Clean and wash curry leaves in lot of water few times and dry them on a clean cotton cloth. You can even leave it for few hours to overnight, until they are moisture-free. (I have shared an alternate method to clean the leaves in the stepwise instructions in the post)
Dry roast chana dal and urad dal until golden. When they are half roasted, add red chilies and fry until golden.
Reduce the heat to low and add cumin, coconut and sesame seeds. Fry them until the seeds begin to sizzle. Remove and cool completely.
On Stovetop: To the same pan, add oil and heat. Fry curry leaves until they turn crisp. Add the garlic to the hot pan and stir for a minute. Turn off and cool them.

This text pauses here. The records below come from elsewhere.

(* Let $k\ge2$ and $n\ge 2k$ be integers, and set $\alpha=\frac{2k}{k+1}$, $\beta=\frac nk-2$, $a=\frac{n+\alpha}{2}$, $b=\frac{\alpha+\beta}{2}$, $c=\frac n2$, $d_1=2a+b-2c$, $d_2=c-a+1$, $d_3=4ab(k-1)$. Then the function $$g(t)=\frac{d_1t-d_2(1-t)+\sqrt{(d_1t-d_2(1-t))^2+d_3t}}{2c}$$ is concave on $[0,+\infty)$. *)

theory Defs
  imports "HOL-Analysis.Analysis"
begin

end

theory Submission
  imports Defs
begin

text \<open>Write \<open>g\<close> as \<open>(L(t) + sqrt (L(t)\<^sup>2 + d\<^sub>3 t)) / n\<close> with \<open>L(t) = (d\<^sub>1 + d\<^sub>2) t - d\<^sub>2\<close>.
  The radicand is a quadratic \<open>A t\<^sup>2 + B t + C\<close> that stays positive on \<open>[0, \<infinity>)\<close>, and
  \<open>(sqrt Q)'' = (4 A C - B\<^sup>2) / (4 Q sqrt Q)\<close>, so the square root is concave as soon as the
  discriminant is nonnegative. With \<open>p = d\<^sub>1 + d\<^sub>2\<close>, \<open>q = d\<^sub>2\<close> this amounts to \<open>d\<^sub>3 \<ge> 4 p q\<close>,
  which holds with room to spare because \<open>d\<^sub>2 = 1/(k+1)\<close> while \<open>d\<^sub>3\<close> grows like \<open>a b k\<close>.\<close>

lemma concave_on_sqrt_quadratic:
  fixes A B C :: real
  assumes "convex S"
    and pos: "\<And>t. t \<in> S \<Longrightarrow> 0 < A * t\<^sup>2 + B * t + C"
    and disc: "4 * A * C \<le> B\<^sup>2"
  shows "concave_on S (\<lambda>t. sqrt (A * t\<^sup>2 + B * t + C))"
proof -
  define Q where "Q t = A * t\<^sup>2 + B * t + C" for t
  have "concave_on S (\<lambda>t. sqrt (Q t))"
  proof (rule f''_le0_imp_concave[OF \<open>convex S\<close>,
        where f' = "\<lambda>t. (2 * A * t + B) / (2 * sqrt (Q t))"
          and f'' = "\<lambda>t. (4 * A * C - B\<^sup>2) / (4 * Q t * sqrt (Q t))"])
    fix t assume "t \<in> S"
    then have Q: "0 < Q t" by (simp add: Q_def pos)
    have dQ: "(Q has_real_derivative 2 * A * t + B) (at t)"
      unfolding Q_def[abs_def] by (rule derivative_eq_intros | simp)+
    have dS: "((\<lambda>t. sqrt (Q t)) has_real_derivative (2 * A * t + B) / (2 * sqrt (Q t))) (at t)"
      using DERIV_chain2[OF DERIV_real_sqrt[OF Q] dQ] by (simp add: field_simps)
    then show "((\<lambda>t. sqrt (Q t)) has_real_derivative (2 * A * t + B) / (2 * sqrt (Q t))) (at t)" .
    show "((\<lambda>t. (2 * A * t + B) / (2 * sqrt (Q t))) has_real_derivative
           (4 * A * C - B\<^sup>2) / (4 * Q t * sqrt (Q t))) (at t)"
    proof -
      have "((\<lambda>t. (2 * A * t + B) / (2 * sqrt (Q t))) has_real_derivative
           (2 * A * (2 * sqrt (Q t)) - (2 * A * t + B) * (2 * ((2 * A * t + B) / (2 * sqrt (Q t)))))
             / (2 * sqrt (Q t) * (2 * sqrt (Q t)))) (at t)"
      proof (rule DERIV_divide)
        show "((\<lambda>t. 2 * A * t + B) has_real_derivative 2 * A) (at t)"
          by (rule derivative_eq_intros | simp)+
        show "((\<lambda>t. 2 * sqrt (Q t)) has_real_derivative 2 * ((2 * A * t + B) / (2 * sqrt (Q t)))) (at t)"
          using dS by (rule DERIV_cmult)
        show "2 * sqrt (Q t) \<noteq> 0" using Q by simp
      qed
      moreover have "(2 * A * (2 * sqrt (Q t)) - (2 * A * t + B) * (2 * ((2 * A * t + B) / (2 * sqrt (Q t)))))
             / (2 * sqrt (Q t) * (2 * sqrt (Q t))) = (4 * A * C - B\<^sup>2) / (4 * Q t * sqrt (Q t))"
      proof -
        define s where "s = sqrt (Q t)"
        define L where "L = 2 * A * t + B"
        have s: "0 < s" "s * s = Q t" using Q by (simp_all add: s_def)
        have "4 * A * Q t - L\<^sup>2 = 4 * A * C - B\<^sup>2"
          by (simp add: Q_def L_def power2_eq_square algebra_simps)
        moreover have "(2 * A * (2 * s) - L * (2 * (L / (2 * s)))) / (2 * s * (2 * s))
            = (4 * A * (s * s) - L\<^sup>2) / (4 * (s * s) * s)"
          using s(1) by (simp add: field_simps power2_eq_square)
        ultimately show ?thesis by (simp add: s(2) flip: s_def L_def)
      qed
      ultimately show ?thesis by simp
    qed
    show "(4 * A * C - B\<^sup>2) / (4 * Q t * sqrt (Q t)) \<le> 0"
      using Q disc by (simp add: divide_nonpos_pos)
  qed
  then show ?thesis by (simp add: Q_def)
qed

lemma concave_on_affine_plus_sqrt:
  fixes p q e :: real
  assumes p: "0 \<le> p" and q: "0 < q" and e: "4 * p * q \<le> e"
  shows "concave_on {0..} (\<lambda>t. p * t - q + sqrt ((p * t - q)\<^sup>2 + e * t))"
proof -
  have radicand: "(p * t - q)\<^sup>2 + e * t = p\<^sup>2 * t\<^sup>2 + (e - 2 * p * q) * t + q\<^sup>2" for t
    by (simp add: power2_eq_square algebra_simps)
  have "0 < (p * t - q)\<^sup>2 + e * t" if "0 \<le> t" for t
  proof (cases "p * t = q")
    case True
    with q have "0 < p * t" by simp
    with p that have "0 < p" "0 < t" by (auto simp: zero_less_mult_iff)
    with q e have "0 < e" by (smt (verit) mult_pos_pos)
    with \<open>0 < t\<close> show ?thesis by (simp add: True)
  next
    case False
    with p q that e show ?thesis by (smt (verit) mult_nonneg_nonneg zero_less_power2)
  qed
  moreover have "4 * p\<^sup>2 * q\<^sup>2 \<le> (e - 2 * p * q)\<^sup>2"
  proof -
    have "2 * p * q \<le> e - 2 * p * q" "0 \<le> 2 * p * q" using p q e by simp_all
    then have "(2 * p * q)\<^sup>2 \<le> (e - 2 * p * q)\<^sup>2" by (rule power_mono)
    then show ?thesis by (simp add: power_mult_distrib)
  qed
  ultimately have "concave_on {0..} (\<lambda>t. sqrt ((p * t - q)\<^sup>2 + e * t))"
    unfolding radicand by (intro concave_on_sqrt_quadratic) auto
  moreover have "concave_on {0..} (\<lambda>t. p * t - q)"
    by (intro concave_on_diff concave_on_cmul) (simp_all add: p concave_on_ident convex_on_const)
  ultimately show ?thesis by (rule concave_on_add[rotated])
qed

lemma coefficient_discriminant_bound:
  fixes K \<alpha> a b :: real
  assumes K: "2 \<le> K" and \<alpha>: "\<alpha> \<le> 2" and a: "2 \<le> a" and b: "2/3 \<le> b"
  shows "4 * (\<alpha> / 2 + b + 1) * (1 / (K + 1)) \<le> 4 * a * b * (K - 1)"
proof -
  have "\<alpha> / 2 + b + 1 \<le> 6 * b" using \<alpha> b by simp
  also have "\<dots> \<le> a * b * ((K - 1) * (K + 1))"
  proof -
    have "2 * 2 \<le> K * K" using K by (intro mult_mono) simp_all
    then have "3 \<le> (K - 1) * (K + 1)" by (simp add: algebra_simps)
    then have "2 * 3 \<le> a * ((K - 1) * (K + 1))" using a by (intro mult_mono) simp_all
    then show ?thesis using b by (simp add: mult.assoc mult.left_commute[of b] mult_left_mono)
  qed
  finally have "4 * (\<alpha> / 2 + b + 1) / (K + 1) \<le> 4 * (a * b * ((K - 1) * (K + 1))) / (K + 1)"
    using K by (intro divide_right_mono) simp_all
  also have "\<dots> = 4 * a * b * (K - 1)" using K by simp
  finally show ?thesis by simp
qed

theorem lemma6p1:
  fixes k n :: nat and \<alpha> \<beta> a b c d1 d2 d3 :: real and g :: "real \<Rightarrow> real"
  assumes "k \<ge> 2" and "n \<ge> 2 * k"
    and "\<alpha> = 2 * real k / (real k + 1)"
    and "\<beta> = real n / real k - 2"
    and "a = (real n + \<alpha>) / 2"
    and "b = (\<alpha> + \<beta>) / 2"
    and "c = real n / 2"
    and "d1 = 2 * a + b - 2 * c"
    and "d2 = c - a + 1"
    and "d3 = 4 * a * b * (real k - 1)"
    and "\<And>t. g t = (d1 * t - d2 * (1 - t)
                 + sqrt ((d1 * t - d2 * (1 - t))^2 + d3 * t)) / (2 * c)"
  shows "concave_on {0..} g"
proof -
  have k: "2 \<le> real k" and nk: "2 * real k \<le> real n" using assms(1,2) by simp_all
  have \<alpha>_eq: "\<alpha> = 2 - 2 / (real k + 1)" using assms(3) by (simp add: field_simps)
  moreover have "2 / (real k + 1) \<le> 2 / 3" using k by (intro divide_left_mono) simp_all
  ultimately have \<alpha>: "4/3 \<le> \<alpha>" "\<alpha> \<le> 2" by simp_all
  have "2 \<le> real n / real k" using nk k by (simp add: le_divide_eq)
  then have "0 \<le> \<beta>" using assms(4) by simp
  then have b: "2/3 \<le> b" using assms(6) \<alpha> by simp
  have a: "2 \<le> a" using assms(5) \<alpha> nk k by simp
  have d2: "d2 = 1 / (real k + 1)" using assms(5,7,9) \<alpha>_eq by simp
  have d12: "d1 + d2 = \<alpha> / 2 + b + 1" using assms(5,7,8,9) by simp
  have disc: "4 * (d1 + d2) * d2 \<le> d3"
    using coefficient_discriminant_bound[OF k \<alpha>(2) a b]
    unfolding d12[symmetric] d2[symmetric] assms(10)[symmetric] .
  have g: "g = (\<lambda>t. ((d1 + d2) * t - d2 + sqrt (((d1 + d2) * t - d2)\<^sup>2 + d3 * t)) / (2 * c))"
    using assms(11) by (auto simp: algebra_simps)
  show ?thesis
    unfolding g using assms(7) b \<alpha> d2 d12
    by (intro concave_on_cdiv concave_on_affine_plus_sqrt disc) simp_all
qed

end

In Oven: Spread the curry leaves on 2 trays and place them in the oven in the middle and lower levels of your oven. Turn on the oven at 60 C (140 F) for 10 to 12 mins. The leaves turn crisp. This method doesn't need oil. Adjust the time as needed and remove them in time as they burn faster. The lower tray takes a little longer. So move it to the middle rack after 10 mins. You can add the garlic during the last 1 to 2 minutes to remove any moisture on the surface.
Powder them together along with salt in a grinder/blender. Store curry leaves powder in an air tight glass jar and use as needed for idli, dosa, upma, oats or rice.
To make curry leaves rice, cook 1 ½ cups rice and cool it completely. Add some roasted crushed peanuts, 2 to 2.5 tbsp curry leaves powder, little more salt and extra virgin olive oil, coconut oil or hot ghee.
Mix the rice. Adjust the quantity of podi and oil as needed.